── Data under study

lemma Sg_growth_right:
  obtains K where "K \<ge> 0"
    and "\<And>t. Theta_right_edge p \<le> t \<Longrightarrow> \<bar>Sg t\<bar> \<le> K * exp (t / p) \<and> \<bar>Sg' t\<bar> \<le> K * exp (t / p)"
proof -
  define t0 where "t0 = Theta_right_edge p"
  obtain c where c: "c > 0" and lower: "\<And>s. t0 \<le> s \<Longrightarrow> c * exp (- s / p) \<le> \<bar>Theta1 p s\<bar>"
    using Theta1_lower_bound_right[OF p_pos] unfolding t0_def by blast
  obtain K where K: "K \<ge> 0"
    and decay: "\<And>s. \<bar>Theta1 p s\<bar> \<le> K * exp (- s / p) \<and> \<bar>Theta2 p s\<bar> \<le> K * exp (- s / p)"
    using Theta_derivs_decay[OF p_pos] by blast
  define u0 where "u0 = \<bar>Sg t0 / Theta1 p t0\<bar>"
  define L where "L = u0 * K * exp (- 2 * t0 / p) + K * p / (2 * c^2)"
  have L: "L \<ge> 0" unfolding L_def u0_def using K c p_pos by simp
  have Sg: "\<bar>Sg t\<bar> \<le> L * exp (t / p)" if t: "t0 \<le> t" for t
  proof -
    have "Theta1 p t \<noteq> 0"
      using lower[OF t] c by (smt (verit) exp_gt_zero mult_pos_pos)
    then have "\<bar>Sg t\<bar> = \<bar>Sg t / Theta1 p t\<bar> * \<bar>Theta1 p t\<bar>"
      by (simp add: abs_divide)
    also have "\<dots> \<le> (u0 + p / (2 * c^2) * exp (2 * t / p)) * (K * exp (- t / p))"
      using abs_Sg_div_Theta1_le_right[OF c lower t] decay[of t] unfolding u0_def
      by (intro mult_mono') auto
    also have "\<dots> = u0 * K * exp (- t / p) + K * p / (2 * c^2) * exp (t / p)"
      by (simp add: algebra_simps exp_add[symmetric] diff_divide_distrib)
    also have "\<dots> \<le> u0 * K * (exp (- 2 * t0 / p) * exp (t / p)) + K * p / (2 * c^2) * exp (t / p)"
      using t p_pos K by (simp add: u0_def mult_left_mono exp_add[symmetric] divide_right_mono)
    also have "\<dots> = L * exp (t / p)"
      by (simp add: L_def algebra_simps)
    finally show ?thesis .
  qed
  show thesis
  proof (rule that[of "L + (1 + K * L) / c"])
    show "L + (1 + K * L) / c \<ge> 0" using L K c by simp
    fix t assume "Theta_right_edge p \<le> t"
    then have t: "t0 \<le> t" by (simp add: t0_def)
    have "\<bar>Sg' t\<bar> \<le> (1 + K * L) / c * exp (t / p)"
      using abs_Sg'_le[OF c lower[OF t] conjunct2[OF decay[of t]] Sg[OF t]] .
    then show "\<bar>Sg t\<bar> \<le> (L + (1 + K * L) / c) * exp (t / p) \<and> \<bar>Sg' t\<bar> \<le> (L + (1 + K * L) / c) * exp (t / p)"
      using Sg[OF t] L K c by (smt (verit) divide_nonneg_pos exp_gt_zero mult_nonneg_nonneg mult_right_mono)
  qed
qed

lemma Sg_Theta_bounded_left:
  obtains M where "\<And>t. t \<le> Theta_left_edge p \<Longrightarrow> \<bar>Sg t * Theta_h p t\<bar> \<le> M"
proof -
  define t0 where "t0 = Theta_left_edge p"
  obtain c where c: "c > 0" and lower: "\<And>s. s \<le> t0 \<Longrightarrow> c * exp (s / p) \<le> \<bar>Theta1 p s\<bar>"
    using Theta1_lower_bound_left[OF p_pos] unfolding t0_def by blast
  define u0 where "u0 = \<bar>Sg t0 / Theta1 p t0\<bar>"
  show thesis
  proof (rule that)
    fix t assume "t \<le> Theta_left_edge p"
    then have t: "t \<le> t0" by (simp add: t0_def)
    have "Theta1 p t \<noteq> 0"
      using lower[OF t] c by (smt (verit) exp_gt_zero mult_pos_pos)
    then have "\<bar>Sg t * Theta_h p t\<bar> = \<bar>Sg t / Theta1 p t\<bar> * \<bar>Theta1 p t * Theta_h p t\<bar>"
      by (simp add: abs_mult abs_divide)
    also have "\<dots> \<le> (u0 + p / (2 * c^2) * exp (- 2 * t / p)) * (exp (2 * t / p) / p)"
    proof (rule mult_mono')
      show "\<bar>Theta1 p t * Theta_h p t\<bar> \<le> exp (2 * t / p) / p"
        using abs_Theta1_mult_Theta_le[OF p_pos, of t] Theta_h_sq_le_exp[OF p_pos, of t] p_pos
        by (smt (verit) divide_right_mono)
    qed (use abs_Sg_div_Theta1_le_left[OF c lower t] in \<open>auto simp: u0_def\<close>)
    also have "\<dots> = u0 * exp (2 * t / p) / p + 1 / (2 * c^2)"
      using p_pos by (simp add: field_simps exp_add[symmetric])
    also have "\<dots> \<le> u0 * exp (2 * t0 / p) / p + 1 / (2 * c^2)"
      using t p_pos by (auto simp: u0_def intro!: divide_right_mono mult_left_mono)
    finally show "\<bar>Sg t * Theta_h p t\<bar> \<le> u0 * exp (2 * t0 / p) / p + 1 / (2 * c^2)" .
  qed
qed

lemma Sg_Theta_bounded:
  obtains M where "\<And>t. \<bar>Sg t * Theta_h p t\<bar> \<le> M"
proof -
  define tL tR where "tL = Theta_left_edge p" and "tR = Theta_right_edge p"
  obtain M1 where left: "\<And>t. t \<le> tL \<Longrightarrow> \<bar>Sg t * Theta_h p t\<bar> \<le> M1"
    using Sg_Theta_bounded_left unfolding tL_def by blast
  obtain K where right: "\<And>t. tR \<le> t \<Longrightarrow> \<bar>Sg t\<bar> \<le> K * exp (t / p) \<and> \<bar>Sg' t\<bar> \<le> K * exp (t / p)"
    using Sg_growth_right unfolding tR_def by blast
  have "compact ((\<lambda>s. Sg s * Theta_h p s) ` {tL..tR})"
    by (intro compact_continuous_image continuous_on_mult continuous_on_subset[OF continuous_on_Sg]
        continuous_on_subset[OF continuous_on_Theta_h[OF p_pos]]) auto
  then obtain M2 where middle: "\<And>t. t \<in> {tL..tR} \<Longrightarrow> \<bar>Sg t * Theta_h p t\<bar> \<le> M2"
    using compact_imp_bounded bounded_real by (metis (no_types, lifting) image_eqI)
  define A where "A = alpha_p p powr (- 1 / p)"
  show thesis
  proof (rule that[of "max M1 (max M2 (K * A))"])
    fix t
    consider "t \<le> tL" | "t \<in> {tL..tR}" | "tR \<le> t"
      by (meson atLeastAtMost_iff linear)
    then show "\<bar>Sg t * Theta_h p t\<bar> \<le> max M1 (max M2 (K * A))"
    proof cases
      case 1
      show ?thesis by (rule order_trans[OF left[OF 1]]) simp
    next
      case 2
      show ?thesis by (rule order_trans[OF middle[OF 2]]) simp
    next
      case 3
      have "\<bar>Sg t * Theta_h p t\<bar> \<le> (K * exp (t / p)) * (A * exp (- t / p))"
        unfolding abs_mult A_def using right[OF 3] Theta_h_le_exp_neg[OF p_pos, of t] Theta_h_pos[OF p_pos, of t]
        by (intro mult_mono') auto
      also have "\<dots> = K * A"
        by (simp add: exp_minus field_simps)
      finally show ?thesis by (rule order_trans) simp
    qed
  qed
qed

section \<open>Estimates for gamma_h\<close>

lemma gamma_h_eq:
  "gamma_h p lam b Sg t = Sg t * int_f_Theta p lam b t - Theta1 p t * int_f_Sg p lam b Sg t"
  by (simp add: gamma_h_def int_f_Theta_def int_f_Sg_def deriv_Theta_h[OF p_pos] mult.assoc)
lemma lead_cols_proj_residual:
  assumes U: "U \<in> carrier_mat q q" "transpose_mat U * U = 1\<^sub>m q" and A: "A \<in> carrier_mat q s"
    and k: "k \<le> q"
  shows "A - lead_cols U k * (transpose_mat (lead_cols U k) * A) = U * (tail_proj q k * (transpose_mat U * A))"
proof -
  define Uk where "Uk = lead_cols U k"
  define M where "M = transpose_mat U * A"
  have Uk: "Uk \<in> carrier_mat q k" unfolding Uk_def using U by simp
  have M: "M \<in> carrier_mat q s" unfolding M_def using U A by simp
  have "U * transpose_mat U = 1\<^sub>m q"
    using U by (rule_tac mat_mult_left_right_inverse) auto
  then have A_UM: "A = U * M"
    unfolding M_def using U A by (simp add: assoc_mult_mat[symmetric, of U q q _ q A s])
  have "A - Uk * (transpose_mat Uk * A) = U * (tail_proj q k * M)"
  proof (rule eq_matI)
    fix a b assume "a < dim_row (U * (tail_proj q k * M))" "b < dim_col (U * (tail_proj q k * M))"
    then have ab: "a < q" "b < s" using U M by auto
    have UkA: "(transpose_mat Uk * A) $$ (i,b) = M $$ (i,b)" if "i < k" for i
      using that ab k U A unfolding Uk_def M_def lead_cols_def
      by (simp add: index_mult_mat_sum[of _ k q _ s] index_mult_mat_sum[of _ q q _ s] del: index_mult_mat(1))
    have "(Uk * (transpose_mat Uk * A)) $$ (a,b) = (\<Sum>i<k. Uk $$ (a,i) * (transpose_mat Uk * A) $$ (i,b))"
      using Uk A ab by (intro index_mult_mat_sum) auto
    also have "\<dots> = (\<Sum>i<k. U $$ (a,i) * M $$ (i,b))"
      using ab k U UkA by (intro sum.cong refl) (simp add: Uk_def lead_cols_def)
    finally have lead: "(Uk * (transpose_mat Uk * A)) $$ (a,b) = (\<Sum>i<k. U $$ (a,i) * M $$ (i,b))" .
    have "A $$ (a,b) = (\<Sum>i<q. U $$ (a,i) * M $$ (i,b))"
      unfolding A_UM using U M ab by (intro index_mult_mat_sum) auto
    also have "\<dots> = (\<Sum>i<k. U $$ (a,i) * M $$ (i,b)) + (\<Sum>i\<in>{k..<q}. U $$ (a,i) * M $$ (i,b))"
      using sum.atLeastLessThan_concat[of 0 k q, symmetric] k by (simp add: lessThan_atLeast0)
    finally have split: "A $$ (a,b) = (\<Sum>i<k. U $$ (a,i) * M $$ (i,b)) + (\<Sum>i\<in>{k..<q}. U $$ (a,i) * M $$ (i,b))" .
    have "(U * (tail_proj q k * M)) $$ (a,b) = (\<Sum>i<q. U $$ (a,i) * (tail_proj q k * M) $$ (i,b))"
      using U M ab by (intro index_mult_mat_sum) auto
    also have "\<dots> = (\<Sum>i<q. if k \<le> i then U $$ (a,i) * M $$ (i,b) else 0)"
      using ab M by (intro sum.cong refl) (simp add: index_tail_proj_mult del: index_mult_mat(1))
    finally have tail: "(U * (tail_proj q k * M)) $$ (a,b) = (\<Sum>i\<in>{k..<q}. U $$ (a,i) * M $$ (i,b))"
      by (simp add: sum_if_le_eq_atLeastLessThan)
    show "(A - Uk * (transpose_mat Uk * A)) $$ (a,b) = (U * (tail_proj q k * M)) $$ (a,b)"
      using ab A Uk lead split tail by simp
  qed (use U M A Uk mult_carrier_mat[OF tail_proj_carrier M] in auto)
  then show ?thesis unfolding Uk_def M_def .
qed

lemma frob_inner_tail_proj_diag:
  assumes D: "D \<in> carrier_mat q s" and diag: "\<And>i j. i < q \<Longrightarrow> j < s \<Longrightarrow> i \<noteq> j \<Longrightarrow> D $$ (i,j) = 0"
  shows "frob_inner (tail_proj q k * D) (tail_proj q k * D) = (\<Sum>i\<in>{k..<q}. (sing_val D i)\<^sup>2)"
proof -
  have row: "(\<Sum>j<s. D $$ (i,j) * D $$ (i,j)) = (sing_val D i)\<^sup>2" if "i < q" for i
  proof -
    have "(\<Sum>j<s. D $$ (i,j) * D $$ (i,j)) = (\<Sum>j<s. if j = i then D $$ (i,i) * D $$ (i,i) else 0)"
      using diag that by (intro sum.cong refl) auto
    then show ?thesis using that D by (simp add: sing_val_def power2_eq_square)
  qed
  have "frob_inner (tail_proj q k * D) (tail_proj q k * D)
      = (\<Sum>i<q. \<Sum>j<s. (tail_proj q k * D) $$ (i,j) * (tail_proj q k * D) $$ (i,j))"
    unfolding frob_inner_def using D by (simp del: index_mult_mat(1))
  also have "\<dots> = (\<Sum>i<q. if k \<le> i then (\<Sum>j<s. D $$ (i,j) * D $$ (i,j)) else 0)"
    using D by (intro sum.cong refl) (simp add: index_tail_proj_mult del: index_mult_mat(1))
  also have "\<dots> = (\<Sum>i<q. if k \<le> i then (sing_val D i)\<^sup>2 else 0)"
    using row by (intro sum.cong refl) simp
  finally show ?thesis by (simp add: sum_if_le_eq_atLeastLessThan)
qed

lemma svd_lead_cols_residual:
  assumes svd: "is_svd A U D V" and A: "A \<in> carrier_mat q s" and k: "k \<le> q"
  shows "frob_norm (A - lead_cols U k * (transpose_mat (lead_cols U k) * A))
    = sqrt (\<Sum>i\<in>{k..<q}. (sing_val D i)\<^sup>2)"
proof -
  note U = is_svdD(1,2)[OF svd A] and V = is_svdD(3,4)[OF svd A] and D = is_svdD(5)[OF svd A]
  have "transpose_mat U * A = D * transpose_mat V"
    unfolding is_svdD(7)[OF svd A] using U V D
    by (simp add: assoc_mult_mat[of _ q q _ s _ s] assoc_mult_mat[of _ q q _ q _ s, symmetric])
  then have "A - lead_cols U k * (transpose_mat (lead_cols U k) * A)
      = U * (tail_proj q k * D) * transpose_mat V"
    using lead_cols_proj_residual[OF U A k] U V D mult_carrier_mat[OF tail_proj_carrier D]
    by (simp add: assoc_mult_mat[of "tail_proj q k" q q D s "transpose_mat V" s]
        assoc_mult_mat[of U q q "tail_proj q k * D" s "transpose_mat V" s])
  then show ?thesis
    using frob_norm_orthogonal_mult[OF U V mult_carrier_mat[OF tail_proj_carrier D]]
      frob_inner_tail_proj_diag[OF D is_svdD(6)[OF svd A]]
    by (simp add: frob_norm_def)
qed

────

Exercise » Exactly the lines from the one containing "using frob_norm_orthogonal_mult[OF U" through the final line of the records above are needed, copied word for word.

Exercise solution »
    using frob_norm_orthogonal_mult[OF U V mult_carrier_mat[OF tail_proj_carrier D]]
      frob_inner_tail_proj_diag[OF D is_svdD(6)[OF svd A]]
    by (simp add: frob_norm_def)
qed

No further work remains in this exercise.